Тогда я спросил сестру, не думает ли она, что в словах библии есть противоречие: возможно ли говорить о блаженстве тех, кто еще не существовал?
На это сестра ответила мне с некоторой холодностью:
– Я не думаю, чтобы в этих словах «Екклесиаста» было противоречие, очевидно, автор книги разумеет под «существованием» преходящую видимость: тот, кто уже есть, может не существовать на земле, но тем не менее бытие его более реально, чем жизнь живых.
– Однако, – возразил я с запальчивостью, задетый ее холодным тоном, – твое мнение, Ариадна, расходится с мнением христианских учителей, к которым ты, кажется, питаешь доверие. Христиане не думают, что возможно бытие личности до рождения человека на земле. Вспомни, что Ориген был осужден собором за подобное мнение.
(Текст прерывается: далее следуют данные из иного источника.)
lemma weight_ratio_lower_bound:
  fixes m lam w rho :: real
  assumes "0 < m" "m \<le> w" "0 < rho"
  defines "S \<equiv> \<lambda>t. sqrt (m\<^sup>2 * t\<^sup>2 + lam\<^sup>2)"
    and "W \<equiv> \<lambda>t. 2 * w * (t + rho) * (m\<^sup>2 * t\<^sup>2 + lam\<^sup>2) + m * lam * (t - rho)"
  shows "\<forall>\<^sub>F t in at_top. 2 * S t ^ 3 < W t \<and> rho / (6 * t) \<le> (W t - 2 * S t ^ 3) / W t"
proof -
  define Wm where "Wm t = 2 * m * (t + rho) * (m\<^sup>2 * t\<^sup>2 + lam\<^sup>2) + m * lam * (t - rho)" for t
  have "\<forall>\<^sub>F t in at_top. rho < t \<and> lam\<^sup>2 \<le> m\<^sup>2 * rho * t \<and> 2 * \<bar>lam\<bar> \<le> m\<^sup>2 * rho * t
      \<and> Wm t \<le> 3 * m ^ 3 * t ^ 3"
    unfolding Wm_def using assms(1,3)
    by (intro eventually_conj; real_asymp simp: power3_eq_cube power2_eq_square)
  then show ?thesis
  proof eventually_elim
    case (elim t)
    then have gap: "m ^ 3 * rho * t\<^sup>2 / 2 \<le> Wm t - 2 * S t ^ 3"
      using weight_gap[of m rho t lam] assms(1,3) unfolding Wm_def S_def by auto
    have "0 < m ^ 3 * rho * t\<^sup>2 / 2" using elim assms(1,3) by simp
    have "0 < S t ^ 3" unfolding S_def using elim assms(1,3) by (simp add: add_pos_nonneg)
    have "0 < Wm t" using gap \<open>0 < m ^ 3 * rho * t\<^sup>2 / 2\<close> \<open>0 < S t ^ 3\<close> by linarith
    have "Wm t \<le> W t"
      unfolding Wm_def W_def using elim assms by (intro add_right_mono mult_right_mono) auto
    have "rho / (6 * t) = (m ^ 3 * rho * t\<^sup>2 / 2) / (3 * m ^ 3 * t ^ 3)"
      using elim assms(1,3) by (simp add: power2_eq_square power3_eq_cube field_simps)
    also have "\<dots> \<le> (Wm t - 2 * S t ^ 3) / Wm t"
      using gap elim \<open>0 < m ^ 3 * rho * t\<^sup>2 / 2\<close> \<open>0 < Wm t\<close> by (intro frac_le) auto
    also have "\<dots> = 1 - 2 * S t ^ 3 / Wm t"
      using \<open>0 < Wm t\<close> by (simp add: diff_divide_distrib)
    also have "\<dots> \<le> 1 - 2 * S t ^ 3 / W t"
      using \<open>0 < Wm t\<close> \<open>Wm t \<le> W t\<close> \<open>0 < S t ^ 3\<close> by (simp add: frac_le)
    also have "\<dots> = (W t - 2 * S t ^ 3) / W t"
      using \<open>0 < Wm t\<close> \<open>Wm t \<le> W t\<close> by (simp add: diff_divide_distrib)
    finally show ?case using gap \<open>0 < m ^ 3 * rho * t\<^sup>2 / 2\<close> \<open>Wm t \<le> W t\<close> by auto
  qed
qed

lemma weight_quotient_deriv:
  fixes m lam w rho t :: real
  defines "S \<equiv> \<lambda>t. sqrt (m\<^sup>2 * t\<^sup>2 + lam\<^sup>2)"
    and "W \<equiv> \<lambda>t. 2 * w * (t + rho) * (m\<^sup>2 * t\<^sup>2 + lam\<^sup>2) + m * lam * (t - rho)"
  assumes "0 < m" "0 < t" "W t - 2 * S t ^ 3 \<noteq> 0"
  shows "((\<lambda>t. W t / (W t - 2 * S t ^ 3)) has_real_derivative
    2 * S t * (2 * w * (m\<^sup>2 * t\<^sup>2 + lam\<^sup>2) * (m\<^sup>2 * t * rho - lam\<^sup>2) + m * lam * (2 * m\<^sup>2 * t\<^sup>2 - 3 * m\<^sup>2 * t * rho - lam\<^sup>2))
      / (W t - 2 * S t ^ 3)\<^sup>2) (at t)"
proof -
  define W' where "W' = 2 * w * ((m\<^sup>2 * t\<^sup>2 + lam\<^sup>2) + (t + rho) * (2 * m\<^sup>2 * t)) + m * lam"
  have "0 < m\<^sup>2 * t\<^sup>2 + lam\<^sup>2" using assms(3,4) by (simp add: add_pos_nonneg)
  then have "0 < S t" and S2: "(S t)\<^sup>2 = m\<^sup>2 * t\<^sup>2 + lam\<^sup>2" unfolding S_def by simp_all
  have "(S has_real_derivative m\<^sup>2 * t / S t) (at t)"
    unfolding S_def using \<open>0 < m\<^sup>2 * t\<^sup>2 + lam\<^sup>2\<close>
    by (auto intro!: derivative_eq_intros simp: field_simps power2_eq_square)
  from DERIV_power[OF this, of 3]
  have dS: "((\<lambda>t. S t ^ 3) has_real_derivative 3 * S t * m\<^sup>2 * t) (at t)"
    using \<open>0 < S t\<close> by (simp add: power2_eq_square field_simps)
  have dW: "(W has_real_derivative W') (at t)"
    unfolding W_def W'_def by (auto intro!: derivative_eq_intros simp: algebra_simps power2_eq_square)
  have "((\<lambda>t. W t / (W t - 2 * S t ^ 3)) has_real_derivative
      (W' * (W t - 2 * S t ^ 3) - W t * (W' - 2 * (3 * S t * m\<^sup>2 * t))) / (W t - 2 * S t ^ 3)\<^sup>2) (at t)"
    using DERIV_divide[OF dW DERIV_diff[OF dW DERIV_cmult[OF dS, of 2]]] assms(5)
    by (simp add: power2_eq_square)
  moreover have "W' * (W t - 2 * S t ^ 3) - W t * (W' - 2 * (3 * S t * m\<^sup>2 * t))
      = 2 * S t * (3 * m\<^sup>2 * t * W t - (S t)\<^sup>2 * W')"
    by (simp add: algebra_simps power3_eq_cube power2_eq_square)
  moreover have "3 * m\<^sup>2 * t * W t - (S t)\<^sup>2 * W'
      = 2 * w * (m\<^sup>2 * t\<^sup>2 + lam\<^sup>2) * (m\<^sup>2 * t * rho - lam\<^sup>2) + m * lam * (2 * m\<^sup>2 * t\<^sup>2 - 3 * m\<^sup>2 * t * rho - lam\<^sup>2)"
    unfolding S2 W_def W'_def by (simp add: algebra_simps power2_eq_square)
  ultimately show ?thesis by simp
qed

lemma affine_interpolation_bounds:
  fixes b p l :: real
  assumes "1 \<le> b" "\<bar>l\<bar> \<le> p"
  shows "p \<le> b * (p - l) + l" "b * (p - l) + l \<le> 2 * b * p"
proof -
  have "0 \<le> (b - 1) * (p - l)" using assms by simp
  then show "p \<le> b * (p - l) + l" by (simp add: algebra_simps)
  have "(b - 1) * (p - l) \<le> (b - 1) * (2 * p)" using assms by (intro mult_left_mono) auto
  then show "b * (p - l) + l \<le> 2 * b * p" using assms by (simp add: algebra_simps)
qed

context radial_bilinear_system
begin

lemma normalized_lincomb_deriv:
  assumes "rho < t" "U t = - w * (t + rho)"
  defines "S \<equiv> \<lambda>t. sqrt (m\<^sup>2 * t\<^sup>2 + lam\<^sup>2)"
  shows "((\<lambda>s. 2 * (m * s * x s - lam * y s) / S s) has_real_derivative
    2 * (2 * w * (t + rho) * (m\<^sup>2 * t\<^sup>2 + lam\<^sup>2) + m * lam * (t - rho)) * (m * t * y t + lam * x t)
      / (S t ^ 3 * (t - rho))) (at t)"
proof -
  have "0 < m\<^sup>2 * t\<^sup>2 + lam\<^sup>2" using assms(1) mass_pos rho_pos by (simp add: add_pos_nonneg)
  then have "0 < S t" and S2: "(S t)\<^sup>2 = m\<^sup>2 * t\<^sup>2 + lam\<^sup>2" unfolding S_def by simp_all
  have dS: "(S has_real_derivative m\<^sup>2 * t / S t) (at t)"
    unfolding S_def using \<open>0 < m\<^sup>2 * t\<^sup>2 + lam\<^sup>2\<close>
    by (auto intro!: derivative_eq_intros simp: field_simps power2_eq_square)
  define X Y where "X = (2 * w * (t + rho) * y t + lam * P t) / (t - rho)"
    and "Y = (- 2 * w * (t + rho) * x t + m * t * P t) / (t - rho)"
  have dL: "((\<lambda>s. 2 * (m * s * x s - lam * y s)) has_real_derivative 2 * (m * x t + m * t * X - lam * Y)) (at t)"
    using x_deriv[OF assms(1)] y_deriv[OF assms(1)] unfolding X_def Y_def assms(2)
    by (auto intro!: derivative_eq_intros simp: algebra_simps)
  have "m * t * X - lam * Y = 2 * w * (t + rho) * (m * t * y t + lam * x t) / (t - rho)"
  proof -
    define d where "d = t - rho"
    have "d \<noteq> 0" unfolding d_def using assms(1) by simp
    then show ?thesis unfolding X_def Y_def d_def[symmetric] by (simp add: field_simps)
  qed
  have "(2 * (m * x t + m * t * X - lam * Y) * S t - 2 * (m * t * x t - lam * y t) * (m\<^sup>2 * t / S t)) / (S t * S t)
      = (2 * m * x t * (S t)\<^sup>2 + 2 * (S t)\<^sup>2 * (m * t * X - lam * Y) - 2 * (m * t * x t - lam * y t) * (m\<^sup>2 * t))
        / S t ^ 3"
    using \<open>0 < S t\<close> by (simp add: field_simps power2_eq_square power3_eq_cube)
  also have "\<dots> = (2 * m * lam * (m * t * y t + lam * x t)
      + 2 * (S t)\<^sup>2 * (2 * w * (t + rho) * (m * t * y t + lam * x t) / (t - rho))) / S t ^ 3"
    unfolding \<open>m * t * X - lam * Y = _\<close> S2 by (simp add: algebra_simps power2_eq_square)
  also have "\<dots> = 2 * (2 * w * (t + rho) * (m\<^sup>2 * t\<^sup>2 + lam\<^sup>2) + m * lam * (t - rho)) * (m * t * y t + lam * x t)
      / (S t ^ 3 * (t - rho))"
    using \<open>0 < S t\<close> assms(1) by (simp add: S2 field_simps)
  finally show ?thesis
    using DERIV_divide[OF dL dS] \<open>0 < S t\<close> by simp
qed

lemma abs_normalized_lincomb_le:
  assumes "0 < t"
  shows "\<bar>2 * (m * t * x t - lam * y t) / sqrt (m\<^sup>2 * t\<^sup>2 + lam\<^sup>2)\<bar> \<le> P t"
proof -
  define L S where "L = m * t * x t - lam * y t" and "S = sqrt (m\<^sup>2 * t\<^sup>2 + lam\<^sup>2)"
  have "0 < S" unfolding S_def using assms mass_pos by (simp add: add_pos_nonneg)
  have "\<bar>L\<bar> \<le> S * (P t / 2)"
    unfolding L_def S_def using abs_lincomb_le_sqrt[of "m * t" t "- lam"] by (simp add: power_mult_distrib)
  then have "2 * \<bar>L\<bar> / S \<le> 2 * (S * (P t / 2)) / S"
    using \<open>0 < S\<close> by (intro divide_right_mono mult_left_mono) auto
  then show ?thesis
    unfolding L_def[symmetric] S_def[symmetric] using \<open>0 < S\<close> by (simp add: abs_divide abs_mult)
qed

lemma infinity_gauge_deriv:
  fixes w t :: real
  defines "S \<equiv> \<lambda>t. sqrt (m\<^sup>2 * t\<^sup>2 + lam\<^sup>2)"
    and "W \<equiv> \<lambda>t. 2 * w * (t + rho) * (m\<^sup>2 * t\<^sup>2 + lam\<^sup>2) + m * lam * (t - rho)"
    and "\<Lambda> \<equiv> \<lambda>t. 2 * (m * t * x t - lam * y t) / sqrt (m\<^sup>2 * t\<^sup>2 + lam\<^sup>2)"
  assumes "rho < t" "U t = - w * (t + rho)" "W t - 2 * S t ^ 3 \<noteq> 0"
  shows "((\<lambda>t. W t / (W t - 2 * S t ^ 3) * (P t - \<Lambda> t) + \<Lambda> t) has_real_derivative
    2 * S t * (2 * w * (m\<^sup>2 * t\<^sup>2 + lam\<^sup>2) * (m\<^sup>2 * t * rho - lam\<^sup>2) + m * lam * (2 * m\<^sup>2 * t\<^sup>2 - 3 * m\<^sup>2 * t * rho - lam\<^sup>2))
      / (W t - 2 * S t ^ 3)\<^sup>2 * (P t - \<Lambda> t)) (at t)"
proof -
  define K where "K = (m * t * y t + lam * x t) / (t - rho)"
  define B where "B = (\<lambda>t. W t / (W t - 2 * S t ^ 3))"
  define B' where "B' = 2 * S t * (2 * w * (m\<^sup>2 * t\<^sup>2 + lam\<^sup>2) * (m\<^sup>2 * t * rho - lam\<^sup>2)
    + m * lam * (2 * m\<^sup>2 * t\<^sup>2 - 3 * m\<^sup>2 * t * rho - lam\<^sup>2)) / (W t - 2 * S t ^ 3)\<^sup>2"
  have "0 < t" using assms(4) rho_pos by simp
  have "0 < S t" unfolding S_def using \<open>0 < t\<close> mass_pos by (simp add: add_pos_nonneg)
  have dB: "(B has_real_derivative B') (at t)"
    using weight_quotient_deriv[OF mass_pos \<open>0 < t\<close>, of w rho lam] assms(6)
    unfolding B_def B'_def S_def W_def by simp
  have d\<Lambda>: "(\<Lambda> has_real_derivative 2 * W t * K / S t ^ 3) (at t)"
    using normalized_lincomb_deriv[OF assms(4,5)] unfolding \<Lambda>_def S_def W_def K_def
    by (simp add: field_simps)
  have dP: "(P has_real_derivative 4 * K) (at t)"
    using P_deriv[OF assms(4)] unfolding K_def by simp
  have "((\<lambda>t. B t * (P t - \<Lambda> t) + \<Lambda> t) has_real_derivative
      B t * (4 * K - 2 * W t * K / S t ^ 3) + B' * (P t - \<Lambda> t) + 2 * W t * K / S t ^ 3) (at t)"
    by (rule DERIV_add[OF DERIV_mult'[OF dB DERIV_diff[OF dP d\<Lambda>]] d\<Lambda>])
  moreover have "B t * (4 * K - 2 * W t * K / S t ^ 3) = - (2 * W t * K / S t ^ 3)"
  proof -
    define q where "q = S t ^ 3"
    have "q \<noteq> 0" "W t - 2 * q \<noteq> 0" unfolding q_def using \<open>0 < S t\<close> assms(6) by simp_all
    then have "B t * (4 * K - 2 * W t * K / q) = W t / (W t - 2 * q) * (W t - 2 * q) * (- 2 * K / q)"
      unfolding B_def q_def[symmetric] by (simp add: field_simps)
    also have "\<dots> = - (2 * W t * K / q)" using \<open>W t - 2 * q \<noteq> 0\<close> by simp
    finally show ?thesis unfolding q_def .
  qed
  ultimately show ?thesis unfolding B_def B'_def by simp
qed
Но сестра не смутилась моим возражением:
– Собор, – сказала она, – признал Оригена еретиком, но он не отверг целиком его учения. Но я говорю сейчас даже не об учении, а лишь об опыте, столь же реальном, как наша с тобой братская любовь.
Последние слова сестра произнесла с задушевной нежностью; тогда я стал перед ней на колени и прижался губами к ее рукам.
Наш разговор происходил ночью, но, несмотря на поздний час, мы почему-то решили выйти в парк. Луна стояла высоко в небе, и завороженные деревья, казалось, пели славу холодному свету нашей небесной спутницы. Над прудом висела непонятная серебряная сеть, должно быть, волокна тумана, осиянные месяцем. И лунная осень, эта молчаливая сомнамбула, бродила среди деревьев, простирая бледные руки.
И мы тихо сидели на скамье, едва касаясь друг друга вздрагивающими плечами, не смея заговорить, прислушиваясь к высокому небу и к увядающей и влюбленной земле.